De heer Omtzigt (CDA): Voorzitter. Ik ben hier niet teruggekeerd, maar ik ben helemaal nieuw in deze commissie. Ook ik hoop op een zeer prettige samenwerking.
Er zijn twee belangrijke zaken voor de huidige demissionaire regering. De eerste belangrijke zaak is de afwikkeling van de huidige begroting en de tweede is de positie die zij in Europa inneemt. Alle andere dossiers, of het nu weigerambtenaren betreft of rekeningrijden, kunnen vrolijk twee weken wachten om te kijken of de onderhandelende partijen eruit komen. Er is namens de onderhandelaars een briefje over de begroting naar het kabinet gestuurd, waarin staat: wilt u alstublieft de begroting op dit, dit, dit en dit punt aanpassen?
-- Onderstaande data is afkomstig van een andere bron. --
lemma fp_ge_mutant_fraction:
  assumes "connected_graph V E" "1 \<le> r" "S0 \<subseteq> V"
  shows "real (card S0) / real (card V) \<le> fp V E r (1/2) S0"
proof -
  let ?\<psi> = "\<lambda>T. real (card T) / real (card V)"
  let ?L = "fp V E r (1/2)"
  have "?\<psi> S0 - ?L S0 \<le> 0"
  proof (rule subharmonic_nonpos[OF assms(1)])
    show "?\<psi> V - ?L V \<le> 0"
      using finite_V V_nonempty by (simp add: fp_full)
    show "?\<psi> {} - ?L {} \<le> 0"
      using V_nonempty by (simp add: fp_empty)
    fix S assume "S \<subseteq> V" "S \<noteq> V"
    have "?\<psi> S - ?L S \<le> step_expectation V E r (1/2) ?\<psi> S - step_expectation V E r (1/2) ?L S"
      using mutant_fraction_submartingale[OF assms(2) \<open>S \<subseteq> V\<close>] fp_fixpoint[OF _ _ \<open>S \<subseteq> V\<close> \<open>S \<noteq> V\<close>]
      by simp
    then show "?\<psi> S - ?L S \<le> step_expectation V E r (1/2) (\<lambda>T. ?\<psi> T - ?L T) S"
      by (simp only: step_expectation_diff)
  qed (use assms(3) in simp_all)
  then show ?thesis by simp
qed

end

theorem mainTheorem14:
  fixes V :: "'a set" and E :: "'a \<Rightarrow> 'a \<Rightarrow> bool" and S0 :: "'a set" and r :: real
  assumes "finite V" and "V \<noteq> {}"
    and "\<And>x y. E x y \<Longrightarrow> x \<in> V \<and> y \<in> V"
    and "\<And>x y. E x y \<Longrightarrow> E y x"
    and "\<And>x. \<not> E x x"
    and "connected_graph V E"
    and "S0 \<subseteq> V"
    and "r > 1"
  shows "fp V E r (1/2) S0 \<ge> real (card S0) / real (card V)"
proof (cases "S0 = {} \<or> S0 = V")
  case True
  then show ?thesis
    using assms(1,2) by (elim disjE) (simp_all add: fp_empty fp_full)
next
  case False
  then obtain x y where "x \<in> V" "y \<in> V" "x \<noteq> y"
    using assms(7) by blast
  then have "nbrs V E z \<noteq> {}" if "z \<in> V" for z
    using connected_graph_nbrs_nonempty[OF assms(6) that] by metis
  then interpret moran_graph V E r
    using assms(1,2,4,5,8) by unfold_locales auto
  show ?thesis
    using fp_ge_mutant_fraction assms(6-8) by simp
qed

end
De CDA-fractie kan begrijpen dat de twee partijen, voordat zij gaan regeren, al een klein beetje vooruit willen regeren. Dat is politici eigen. Mijn eerste vraag aan de minister betreft daarom of hij in- of extern een briefje namens de onderhandelaars heeft gehad dat zij vooruitlopend op enig akkoord toch graag willen dat de regering in ieder geval bepaalde zaken wel of niet doet in Europa. Zij hebben immers een Kamermeerderheid waarop de nieuwe regering zal steunen. Wij willen graag weten of er op de een of andere manier zo'n side letter ontvangen is. Ik sluit op dit punt aan bij de woorden van mijn collega Van Bommel. Dit is echt een kerndiscussie over de vraag waar we met z'n allen in Europa naartoe gaan. Hier lijkt het erop dat we vooral het spelletje spelen «kijken wanneer we welke brief waarnaartoe sturen en vooral zeggen dat we er niet bij zaten».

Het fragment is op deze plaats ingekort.